Association of perioperative glucose profiles assessed by continuous glucose monitoring (CGM) with prognosis in Chinese patients with non-ST-elevation acute coronary syndrome: a cohort study protocol.

机构信息

Department of Endocrinology, Centre for Leading Medicine and Advanced Technologies of IHM, The First Affiliated Hospital of USTC, Division of Life Sciences and Medicine, University of Science and Technology of China, Hefei, Anhui, 230001, China, University of Science and Technology of China, Hefei, Anhui, China.

Department of Cardiology, The First Affiliated Hospital of USTC, Division of Life Science and Medicine, University of Science and Technology of China, Hefei, Anhui, China.

出版信息

BMJ Open. 2024 Jun 12;14(6):e079666. doi: 10.1136/bmjopen-2023-079666.

Abstract

INTRODUCTION

Non-ST-elevation acute coronary syndrome (NSTE-ACS) remains a significant clinical concern, accounting for over 70% of acute coronary syndrome cases. One well-established risk factor for NSTE-ACS is abnormal glucose metabolism, which is associated with a poor prognosis postpercutaneous coronary intervention. Effective monitoring of blood glucose is crucial in diabetes care, as it helps identify glucose metabolic imbalances, thereby guiding therapeutic strategies and assessing treatment efficacy. Continuous glucose monitoring (CGM) provides comprehensive glucose profiles.
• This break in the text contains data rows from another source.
lemma cutoff_deriv_bounded: "\<exists>B. \<forall>c R x. \<bar>cutoff_deriv c R k x\<bar> \<le> B"
proof -
  obtain B where B: "\<And>i x. \<bar>smooth_step_deriv i x\<bar> \<le> B i"
    using smooth_step_deriv_bounded by metis
  have B0: "B i \<ge> 0" for i
    using order_trans[OF abs_ge_zero B] by blast
  have "\<bar>cutoff_deriv c R k x\<bar> \<le> (\<Sum>i = 0..k. real (k choose i) * B i * B (k - i))" for c R x
    unfolding cutoff_deriv_def
  proof (rule order_trans[OF sum_abs sum_mono])
    fix i
    show "\<bar>real (k choose i) * smooth_step_deriv i (x - c + R + 1) *
        ((-1) ^ (k - i) * smooth_step_deriv (k - i) (c + R + 1 - x))\<bar> \<le> real (k choose i) * B i * B (k - i)"
      unfolding abs_mult power_abs by (simp add: mult_mono B B0 mult_left_mono)
  qed
  then show ?thesis by blast
qed

section \<open>Derivatives of the heat kernel\<close>

lemma power_le_fact_mult_exp:
  fixes w :: real
  assumes "w \<ge> 0"
  shows "w ^ i \<le> fact i * exp w"
proof -
  have s: "(\<lambda>n. w ^ n /\<^sub>R fact n) sums exp w" by (rule exp_converges)
  have "sum (\<lambda>n. w ^ n /\<^sub>R fact n) {i} \<le> suminf (\<lambda>n. w ^ n /\<^sub>R fact n)"
    by (rule sum_le_suminf) (use s assms in \<open>auto simp: sums_iff\<close>)
  then show ?thesis
    using s by (simp add: sums_iff divide_simps mult.commute)
qed

lemma abs_power_mult_gauss_bounded: "\<exists>C. \<forall>z::real. \<bar>z\<bar> ^ i * exp (- z\<^sup>2 / 8) \<le> C"
proof -
  have "\<bar>z\<bar> ^ i * exp (- z\<^sup>2 / 8) \<le> 1 + 8 ^ i * fact i" for z :: real
  proof -
    define w where "w = z\<^sup>2 / 8"
    have w: "w \<ge> 0" "exp (- z\<^sup>2 / 8) = inverse (exp w)"
      by (simp_all add: w_def exp_minus)
    have "\<bar>z\<bar> ^ i \<le> 1 + \<bar>z\<bar> ^ (2 * i)"
      by (cases "\<bar>z\<bar> \<le> 1") (auto intro: order_trans[OF power_le_one] power_increasing add_increasing)
    also have "\<bar>z\<bar> ^ (2 * i) = 8 ^ i * w ^ i"
      unfolding power_mult power2_abs w_def by (simp add: power_divide)
    finally have "\<bar>z\<bar> ^ i * exp (- z\<^sup>2 / 8) \<le> (1 + 8 ^ i * w ^ i) * inverse (exp w)"
      unfolding w(2) by (intro mult_right_mono) auto
    also have "\<dots> = inverse (exp w) + 8 ^ i * (w ^ i * inverse (exp w))"
      by (simp add: algebra_simps)
    also have "\<dots> \<le> 1 + 8 ^ i * fact i"
      using power_le_fact_mult_exp[OF w(1), of i] w(1)
      by (intro add_mono mult_left_mono) (auto simp: inverse_le_1_iff divide_simps)
    finally show ?thesis .
  qed
  then show ?thesis by blast
qed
Therefore, the study aims to use CGM to track perioperative glucose variations in NSTE-ACS patients and to determine its prognostic implications.

METHODS AND ANALYSIS

This is a multicentre, prospective observational study in a sample of patients (aged >18 years) with NSTE-ACS. A total of 1200 eligible patients will be recruited within 1 year at 6 sites in China. The primary composite endpoint will be determined as major adverse cardiovascular events (MACE) at 3 years. MACE includes all-cause mortality, non-fatal myocardial infarction, non-fatal stroke and target vessel revascularisation. Employing the CGM system, glucose levels will be continuously monitored throughout the perioperative phase. Prespecified cardiovascular analyses included analyses of the components of this composite and outcomes according to CGM-derived glucometrics at baseline.

ETHICS AND DISSEMINATION

This study has received approval from the Medical Research Ethics Committee of The First Affiliated Hospital of the University of Science and Technology of China (No. 2022KY357) and will adhere to the moral, ethical and scientific principles outlined in the Declaration of Helsinki. All participants will provide written informed consent prior to any study-related procedures. Findings from the study will be shared at conferences and published in peer-reviewed scientific journals.

TRIAL REGISTRATION NUMBER

ChiCT2300069663.

摘要

简介

非 ST 段抬高型急性冠状动脉综合征(NSTE-ACS)仍然是一个重大的临床关注点,占急性冠状动脉综合征病例的 70%以上。NSTE-ACS 的一个公认的危险因素是异常的葡萄糖代谢,这与经皮冠状动脉介入治疗后的不良预后相关。在糖尿病护理中,有效监测血糖至关重要,因为它有助于识别葡萄糖代谢失衡,从而指导治疗策略并评估治疗效果。连续血糖监测(CGM)提供全面的血糖谱。因此,本研究旨在使用 CGM 跟踪 NSTE-ACS 患者围手术期的血糖变化,并确定其预后意义。

方法和分析

这是一项在中国 6 个地点进行的多中心、前瞻性观察性研究,纳入了年龄>18 岁的 NSTE-ACS 患者样本。在 1 年内将招募 1200 名符合条件的患者。主要复合终点将在 3 年内确定为主要不良心血管事件(MACE)。MACE 包括全因死亡率、非致死性心肌梗死、非致死性卒中和靶血管血运重建。使用 CGM 系统,将在围手术期全程连续监测血糖水平。预设的心血管分析包括根据基线时 CGM 衍生的血糖指标对该复合终点的组成部分和结果进行分析。

伦理和传播

本研究已获得中国科学技术大学第一附属医院医学研究伦理委员会的批准(编号:2022KY357),并将遵守《赫尔辛基宣言》中概述的道德、伦理和科学原则。所有参与者在进行任何研究相关程序前都将提供书面知情同意书。研究结果将在会议上分享,并发表在同行评议的科学期刊上。

临床试验注册号

ChiCT2300069663。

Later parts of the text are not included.